Macrophage CD36 also contributes to the induction of innate immunity to malaria infection . Macrophage CD36 interaction with malaria and malaria products, such as Plasmodium falciparum glycosylphosphatidylinositol (pfGPI), hemozoin and Plasmodium falciparum DNA, known as pathogen-associated molecular patterns (PAMPs), has been found to stimulate macrophage cytokine production via collaboration with TLR family [44–46]. pfGPI is the primary parasite-derived bioactive molecule that activates macrophages and induces the release of inflammatory cytokines such as TNF-α and IL-1 from macrophages and, therefore, contributes to severe malarial pathogenesis and morbidity [11, 47]. pfGPI interacts with macrophage TLR2 by activation of JNK, P38, c-Jun and ERK1/2 in a CD36-dependent manner [30, 48]. Hemozoin, also known as malaria pigment, is insoluble crystal generated from hemoglobin proteolysis by Plasmodium falciparum. Natural hemozoin is coated with both proteins and plasmodial DNA and a potent activator of the inflammatory response via triggering TLR9 dependent on MyD88 [49, 50]. However, some studies show that the inflammatory effect of hemozoin is dependent on the cells, duration of incubation time, and the method for hemozoin preparation . A recent study demonstrated that a PAMP, AT-rich DNA in the genome of Plasmodium falciparum, couples to stimulator of interferon genes (STING) and TANK-binding kinase (TBK) to induce interferon regulatory factor 3–7 (IRF3-IRF7) dependent on type I IFN production in a TLR9-independent manner.

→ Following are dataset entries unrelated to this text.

lemma comonotone_coupling:
  fixes r :: "'n::finite \<Rightarrow> real"
  assumes "\<And>i. i \<in> I \<Longrightarrow> 0 \<le> r i \<and> r i \<le> 1"
  shows "\<exists>p. is_dist p \<and> (\<forall>Y. p Y \<noteq> 0 \<longrightarrow> Y \<subseteq> I) \<and> (\<forall>i\<in>I. marginal p i = r i)
    \<and> p {} = 1 - Max (insert 0 (r ` I))"
  using finite [of I] assms
proof (induction I rule: finite_ranking_induct[where f = r])
  case empty
  show ?case
    by (rule exI[where x = "\<lambda>Y. if Y = {} then 1 else 0"]) (simp add: is_dist_def)
next
  case (insert x S)
  show ?case
  proof (cases "x \<in> S")
    case True
    then show ?thesis
      using insert by (simp add: insert_absorb)
  next
    case False
    from insert obtain p where p: "is_dist p" and supp: "\<forall>Y. p Y \<noteq> 0 \<longrightarrow> Y \<subseteq> S"
      and marg: "\<forall>i\<in>S. marginal p i = r i" and p_empty: "p {} = 1 - Max (insert 0 (r ` S))"
      by auto
    have "0 \<le> r x" and "r x \<le> 1"
      using insert.prems by auto
    have "Max (insert 0 (r ` S)) \<le> r x"
      using insert \<open>0 \<le> r x\<close> by (intro Max.boundedI) auto
    then have mass: "1 - p {} \<le> r x"
      using p_empty by simp
    note q = extend_dist_props[OF p supp False mass \<open>r x \<le> 1\<close>]
    have "\<forall>i\<in>insert x S. marginal (extend_dist x (r x) p) i = r i"
      using q(3,4) marg False by fastforce
    moreover have "Max (insert 0 (r ` insert x S)) = r x"
      using insert \<open>0 \<le> r x\<close> by (intro Max_eqI) auto
    ultimately show ?thesis
      using q(1,2,5) by (intro exI[of _ "extend_dist x (r x) p"]) simp
  qed
qed

lemma Fmax_set_le:
  assumes "t \<in> Fmax_set a \<mu>"
  shows "t \<le> 1/2 + 1/2 * Min (range (\<lambda>i. \<mu> (a i)))"
proof -
  obtain p where "t = p {}" and "is_dist p" and "\<forall>i. walsh p (a i) = \<mu> (a i)"
    using assms by (auto simp: Fmax_set_def)
  then have "2 * t - 1 \<le> \<mu> (a i)" for i
    using two_dist_empty_le_walsh[of p "a i"] by simp
  then have "2 * t - 1 \<le> Min (range (\<lambda>i. \<mu> (a i)))"
    by (intro Min.boundedI) auto
  then show ?thesis
    by linarith
qed

lemma Fmax_set_attained:
  assumes "in_GL2 a" and "\<And>i. \<bar>\<mu> (a i)\<bar> \<le> 1"
  shows "1/2 + 1/2 * Min (range (\<lambda>i. \<mu> (a i))) \<in> Fmax_set a \<mu>"
proof -
  define r where "r i = (1 - \<mu> (a i)) / 2" for i
  have "Min (range (\<lambda>i. \<mu> (a i))) \<in> range (\<lambda>i. \<mu> (a i))"
    by (rule Min_in) simp_all
  then obtain k where k: "Min (range (\<lambda>i. \<mu> (a i))) = \<mu> (a k)"
    by blast
  have k_min: "\<mu> (a k) \<le> \<mu> (a i)" for i
    unfolding k[symmetric] by (rule Min_le) auto
  have "0 \<le> r i \<and> r i \<le> 1" for i
    using assms(2)[of i] by (auto simp: r_def)
  then obtain py where py: "is_dist py" and marg: "\<forall>i. marginal py i = r i"
    and py_empty: "py {} = 1 - Max (insert 0 (range r))"
    using comonotone_coupling[of UNIV r] by auto
  have "Max (insert 0 (range r)) = r k"
    using k_min \<open>0 \<le> r k \<and> r k \<le> 1\<close> by (intro Max_eqI) (auto simp: r_def)
  define p where "p = py \<circ> transpose_vec2 a"
  have "is_dist p"
    unfolding p_def using bij_transpose_vec2[OF assms(1)] py by (rule is_dist_comp_bij)
  moreover have "walsh p (a i) = \<mu> (a i)" for i
    using walsh_comp_transpose_vec2[OF assms(1) py] marg by (simp add: p_def r_def field_simps)
  moreover have "p {} = 1/2 + 1/2 * Min (range (\<lambda>i. \<mu> (a i)))"
    using py_empty \<open>Max (insert 0 (range r)) = r k\<close> k
    by (simp add: p_def transpose_vec2_def r_def)
  ultimately show ?thesis
    unfolding Fmax_set_def mem_Collect_eq by (intro exI[of _ p]) simp
qed

theorem proposition2:
  fixes a :: "'n::finite \<Rightarrow> 'n set"
    and q :: "'n set \<Rightarrow> real"
  assumes "in_GL2 a"
    and "is_dist q"
  shows "is_max (Fmax_set a (walsh q))
           (1/2 + 1/2 * Min ((\<lambda>i. walsh q (a i)) ` UNIV))"
  using Fmax_set_attained[OF assms(1) abs_walsh_le_1[OF assms(2)]] Fmax_set_le
  by (auto simp: is_max_def)

end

Mice lacking IRF3, IRF7, the kinase TBK1, or the type I IFN receptor were resistant to lethal cerebral malaria . This study provides evidence of a unique DNA sensing pathway that may contribute to immunopathology in plasmodial infections .
The role of CD36 in inflammatory signals in response to malaria infection remains controversial. Several lines of evidence suggest that selective ligation of CD36 does not lead to proinflammatory cytokine production by macrophages [3, 28]. Erdman et al. applied selective, receptor-targeted strategies to assess whether CD36 and TLRs can cooperatively mediate immune response to PE. They demonstrate that targeted activation and internalization of CD36 fail to stimulate proinflammatory cytokine production . CD36-mediated intact PE internalization is also noninflammatory even in the presence of TLR agonists . These data suggest that it is possible that CD36 is not directly involved in regulation of pro-inflammatory response to Plasmodium falciparum but rather presents or concentrates ligands for recognition by other signaling receptors such as TLRs , similar to the role of CD14 in presenting or concentrating LPS signal to TLR4 . Taken together, the contradictory data about CD36 on inflammatory response to parasite and parasite produce indicate that further investigation is needed for the role of CD36 in parasitic infection.
4. PPAR Ligand
PPARs are nuclear receptors which are ligand-activated transcription factors. To date, three different PPAR subtypes have been identified PPARα, PPARβ/δ, and PPARγ. PPARγ was first identified for its role in lipid and glucose metabolism. PPARγ is critical in a variety of biological processes. Natural and synthetic ligands bind to PPARγ, resulting in conformational change and activation of PPARγ.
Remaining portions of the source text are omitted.